%%

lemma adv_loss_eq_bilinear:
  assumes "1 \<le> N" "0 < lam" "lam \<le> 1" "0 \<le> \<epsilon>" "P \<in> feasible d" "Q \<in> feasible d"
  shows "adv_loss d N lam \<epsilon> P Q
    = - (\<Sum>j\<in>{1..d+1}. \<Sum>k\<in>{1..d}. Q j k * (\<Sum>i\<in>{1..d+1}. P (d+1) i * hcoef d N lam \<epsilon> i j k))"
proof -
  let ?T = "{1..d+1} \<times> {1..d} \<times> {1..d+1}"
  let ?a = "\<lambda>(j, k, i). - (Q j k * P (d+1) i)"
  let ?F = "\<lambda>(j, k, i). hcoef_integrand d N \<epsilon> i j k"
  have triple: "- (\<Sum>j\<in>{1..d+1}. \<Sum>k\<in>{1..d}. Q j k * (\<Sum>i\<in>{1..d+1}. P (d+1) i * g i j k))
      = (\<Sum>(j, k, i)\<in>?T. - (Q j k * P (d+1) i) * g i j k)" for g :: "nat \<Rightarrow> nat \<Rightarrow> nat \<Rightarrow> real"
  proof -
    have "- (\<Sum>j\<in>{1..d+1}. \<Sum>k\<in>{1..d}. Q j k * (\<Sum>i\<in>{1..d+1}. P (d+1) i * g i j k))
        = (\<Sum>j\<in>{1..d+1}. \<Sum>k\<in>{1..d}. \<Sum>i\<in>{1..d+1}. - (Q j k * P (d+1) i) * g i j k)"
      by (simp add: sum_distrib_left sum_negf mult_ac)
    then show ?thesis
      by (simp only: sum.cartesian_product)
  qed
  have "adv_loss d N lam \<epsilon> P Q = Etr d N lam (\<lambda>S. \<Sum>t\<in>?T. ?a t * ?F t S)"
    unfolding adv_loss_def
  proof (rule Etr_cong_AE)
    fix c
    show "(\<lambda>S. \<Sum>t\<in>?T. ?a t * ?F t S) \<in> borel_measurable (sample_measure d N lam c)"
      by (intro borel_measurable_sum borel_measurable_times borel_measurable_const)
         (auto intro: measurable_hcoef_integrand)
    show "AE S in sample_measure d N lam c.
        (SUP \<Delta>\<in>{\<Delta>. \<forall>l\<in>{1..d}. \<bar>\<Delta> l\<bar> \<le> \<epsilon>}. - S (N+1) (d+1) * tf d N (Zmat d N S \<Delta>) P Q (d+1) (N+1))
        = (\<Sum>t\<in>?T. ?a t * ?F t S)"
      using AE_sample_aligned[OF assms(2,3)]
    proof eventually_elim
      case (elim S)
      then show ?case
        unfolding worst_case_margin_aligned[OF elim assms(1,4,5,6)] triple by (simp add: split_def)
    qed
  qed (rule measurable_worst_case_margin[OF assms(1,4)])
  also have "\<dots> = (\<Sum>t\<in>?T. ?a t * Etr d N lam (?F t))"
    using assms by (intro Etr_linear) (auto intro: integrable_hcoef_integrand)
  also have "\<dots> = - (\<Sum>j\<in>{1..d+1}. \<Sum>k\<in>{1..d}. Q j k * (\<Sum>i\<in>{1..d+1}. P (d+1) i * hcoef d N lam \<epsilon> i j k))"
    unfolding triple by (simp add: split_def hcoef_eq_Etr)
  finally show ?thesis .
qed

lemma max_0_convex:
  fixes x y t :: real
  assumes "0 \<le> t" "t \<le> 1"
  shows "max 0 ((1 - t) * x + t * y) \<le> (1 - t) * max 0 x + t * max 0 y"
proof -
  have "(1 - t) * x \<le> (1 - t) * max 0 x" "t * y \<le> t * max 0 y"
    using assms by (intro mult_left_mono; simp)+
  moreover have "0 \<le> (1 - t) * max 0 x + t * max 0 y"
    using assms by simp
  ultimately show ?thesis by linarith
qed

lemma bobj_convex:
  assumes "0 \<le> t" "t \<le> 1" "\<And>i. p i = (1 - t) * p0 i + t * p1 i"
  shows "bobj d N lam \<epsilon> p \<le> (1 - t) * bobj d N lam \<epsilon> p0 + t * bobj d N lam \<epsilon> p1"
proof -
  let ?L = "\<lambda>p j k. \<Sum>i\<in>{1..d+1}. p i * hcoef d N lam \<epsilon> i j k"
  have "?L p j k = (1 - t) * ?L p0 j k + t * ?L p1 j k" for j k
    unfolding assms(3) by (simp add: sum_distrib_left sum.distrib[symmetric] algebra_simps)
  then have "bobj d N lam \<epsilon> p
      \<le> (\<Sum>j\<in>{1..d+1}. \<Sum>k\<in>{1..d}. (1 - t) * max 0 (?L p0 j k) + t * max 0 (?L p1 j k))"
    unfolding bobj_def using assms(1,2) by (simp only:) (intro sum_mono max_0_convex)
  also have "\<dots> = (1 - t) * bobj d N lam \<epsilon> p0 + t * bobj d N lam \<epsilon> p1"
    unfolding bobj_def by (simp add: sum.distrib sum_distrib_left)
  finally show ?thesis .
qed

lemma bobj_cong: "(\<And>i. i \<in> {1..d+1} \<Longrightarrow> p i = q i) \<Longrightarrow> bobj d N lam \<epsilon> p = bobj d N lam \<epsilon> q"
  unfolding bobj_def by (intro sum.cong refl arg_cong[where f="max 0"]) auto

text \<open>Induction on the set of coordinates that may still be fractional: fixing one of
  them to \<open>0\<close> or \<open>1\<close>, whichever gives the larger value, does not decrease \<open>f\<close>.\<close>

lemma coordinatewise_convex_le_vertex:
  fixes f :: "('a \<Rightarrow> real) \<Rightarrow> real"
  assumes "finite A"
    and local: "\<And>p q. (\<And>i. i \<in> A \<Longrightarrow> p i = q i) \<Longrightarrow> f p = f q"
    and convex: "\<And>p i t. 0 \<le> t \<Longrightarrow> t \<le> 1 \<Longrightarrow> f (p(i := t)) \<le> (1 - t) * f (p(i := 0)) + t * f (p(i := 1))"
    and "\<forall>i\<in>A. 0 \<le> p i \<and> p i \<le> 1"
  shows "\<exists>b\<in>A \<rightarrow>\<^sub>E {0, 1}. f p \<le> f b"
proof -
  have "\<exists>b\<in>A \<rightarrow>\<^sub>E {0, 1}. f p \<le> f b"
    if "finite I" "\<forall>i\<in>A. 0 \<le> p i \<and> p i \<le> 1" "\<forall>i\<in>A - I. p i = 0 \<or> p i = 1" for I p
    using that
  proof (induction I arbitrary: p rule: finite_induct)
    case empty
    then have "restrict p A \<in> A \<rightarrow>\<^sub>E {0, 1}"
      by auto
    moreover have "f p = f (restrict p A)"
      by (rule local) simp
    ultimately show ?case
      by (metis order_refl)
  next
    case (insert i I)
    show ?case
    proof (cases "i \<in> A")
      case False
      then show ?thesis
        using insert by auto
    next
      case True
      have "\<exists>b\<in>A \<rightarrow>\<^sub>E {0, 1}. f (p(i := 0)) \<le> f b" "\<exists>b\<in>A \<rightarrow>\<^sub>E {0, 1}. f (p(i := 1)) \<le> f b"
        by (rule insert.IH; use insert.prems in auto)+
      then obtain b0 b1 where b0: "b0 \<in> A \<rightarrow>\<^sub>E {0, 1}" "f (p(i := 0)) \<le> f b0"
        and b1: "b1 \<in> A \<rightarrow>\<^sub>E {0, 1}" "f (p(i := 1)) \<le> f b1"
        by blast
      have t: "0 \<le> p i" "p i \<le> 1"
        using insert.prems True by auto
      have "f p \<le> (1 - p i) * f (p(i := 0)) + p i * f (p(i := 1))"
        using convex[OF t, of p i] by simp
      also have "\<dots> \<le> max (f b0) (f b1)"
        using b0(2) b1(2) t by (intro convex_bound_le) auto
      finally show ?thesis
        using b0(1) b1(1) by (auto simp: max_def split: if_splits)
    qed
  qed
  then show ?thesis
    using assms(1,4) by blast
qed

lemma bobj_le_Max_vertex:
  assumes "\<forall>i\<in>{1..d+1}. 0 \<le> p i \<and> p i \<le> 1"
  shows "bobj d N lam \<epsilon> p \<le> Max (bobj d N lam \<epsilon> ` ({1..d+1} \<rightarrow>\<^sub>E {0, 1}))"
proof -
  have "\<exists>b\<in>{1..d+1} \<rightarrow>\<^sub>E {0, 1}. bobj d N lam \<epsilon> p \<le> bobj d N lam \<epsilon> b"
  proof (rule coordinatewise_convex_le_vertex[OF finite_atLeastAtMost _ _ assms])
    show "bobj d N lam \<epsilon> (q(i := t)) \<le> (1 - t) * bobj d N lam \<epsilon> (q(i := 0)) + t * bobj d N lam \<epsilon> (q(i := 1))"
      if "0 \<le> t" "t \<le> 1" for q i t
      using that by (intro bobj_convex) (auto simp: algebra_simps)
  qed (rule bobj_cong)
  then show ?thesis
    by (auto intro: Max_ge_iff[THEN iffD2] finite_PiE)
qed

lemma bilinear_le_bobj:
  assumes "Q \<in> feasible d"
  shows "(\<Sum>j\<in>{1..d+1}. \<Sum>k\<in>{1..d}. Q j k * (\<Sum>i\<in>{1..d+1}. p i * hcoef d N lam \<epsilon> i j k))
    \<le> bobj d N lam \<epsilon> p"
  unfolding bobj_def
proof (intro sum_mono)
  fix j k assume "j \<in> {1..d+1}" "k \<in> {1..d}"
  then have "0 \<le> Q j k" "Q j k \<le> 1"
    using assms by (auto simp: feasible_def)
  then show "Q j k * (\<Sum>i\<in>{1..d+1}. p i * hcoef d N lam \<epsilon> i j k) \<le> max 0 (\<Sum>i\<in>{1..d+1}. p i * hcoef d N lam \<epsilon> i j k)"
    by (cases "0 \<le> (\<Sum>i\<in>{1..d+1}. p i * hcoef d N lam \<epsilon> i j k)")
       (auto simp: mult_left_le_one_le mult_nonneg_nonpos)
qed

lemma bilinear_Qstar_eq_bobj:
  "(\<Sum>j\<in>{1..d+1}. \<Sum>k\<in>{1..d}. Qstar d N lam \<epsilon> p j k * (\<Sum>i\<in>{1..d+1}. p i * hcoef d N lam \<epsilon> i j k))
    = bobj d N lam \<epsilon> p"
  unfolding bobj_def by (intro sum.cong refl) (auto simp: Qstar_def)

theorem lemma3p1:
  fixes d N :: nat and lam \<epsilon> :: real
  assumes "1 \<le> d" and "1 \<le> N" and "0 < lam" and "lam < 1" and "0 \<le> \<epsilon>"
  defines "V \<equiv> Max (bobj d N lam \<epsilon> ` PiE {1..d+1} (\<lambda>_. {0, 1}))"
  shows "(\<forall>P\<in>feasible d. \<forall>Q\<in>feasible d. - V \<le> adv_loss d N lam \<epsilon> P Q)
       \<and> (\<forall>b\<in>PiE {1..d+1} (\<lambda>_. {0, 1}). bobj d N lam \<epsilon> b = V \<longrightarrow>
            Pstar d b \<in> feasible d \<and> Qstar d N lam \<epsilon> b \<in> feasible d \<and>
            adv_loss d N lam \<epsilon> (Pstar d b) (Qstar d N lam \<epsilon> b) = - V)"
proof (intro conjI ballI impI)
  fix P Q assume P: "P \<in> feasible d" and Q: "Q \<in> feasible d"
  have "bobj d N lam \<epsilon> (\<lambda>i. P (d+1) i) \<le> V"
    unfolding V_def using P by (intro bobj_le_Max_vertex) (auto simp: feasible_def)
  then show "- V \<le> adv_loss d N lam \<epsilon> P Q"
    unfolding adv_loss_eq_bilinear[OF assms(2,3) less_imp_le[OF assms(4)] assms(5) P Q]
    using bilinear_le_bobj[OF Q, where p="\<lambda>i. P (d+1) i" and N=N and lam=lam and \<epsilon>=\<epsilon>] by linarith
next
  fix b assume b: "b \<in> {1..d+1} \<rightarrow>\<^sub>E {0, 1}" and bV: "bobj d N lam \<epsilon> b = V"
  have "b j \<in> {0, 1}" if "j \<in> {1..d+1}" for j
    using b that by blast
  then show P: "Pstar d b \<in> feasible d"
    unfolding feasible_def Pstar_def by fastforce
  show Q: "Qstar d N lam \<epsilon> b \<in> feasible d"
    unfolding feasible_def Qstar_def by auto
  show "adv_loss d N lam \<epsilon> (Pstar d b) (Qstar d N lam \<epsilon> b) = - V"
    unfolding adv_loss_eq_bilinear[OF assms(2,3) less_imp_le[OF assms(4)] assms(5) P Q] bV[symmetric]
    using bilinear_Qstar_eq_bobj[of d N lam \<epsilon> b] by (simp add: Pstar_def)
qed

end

%%

> _TASK DIRECTIONS_
Look through the entries. Copy out each line with "linarith" in it.

> _OUTPUT FOR THIS EXERCISE_
  ultimately show ?thesis by linarith
    using bilinear_le_bobj[OF Q, where p="\<lambda>i. P (d+1) i" and N=N and lam=lam and \<epsilon>=\<epsilon>] by linarith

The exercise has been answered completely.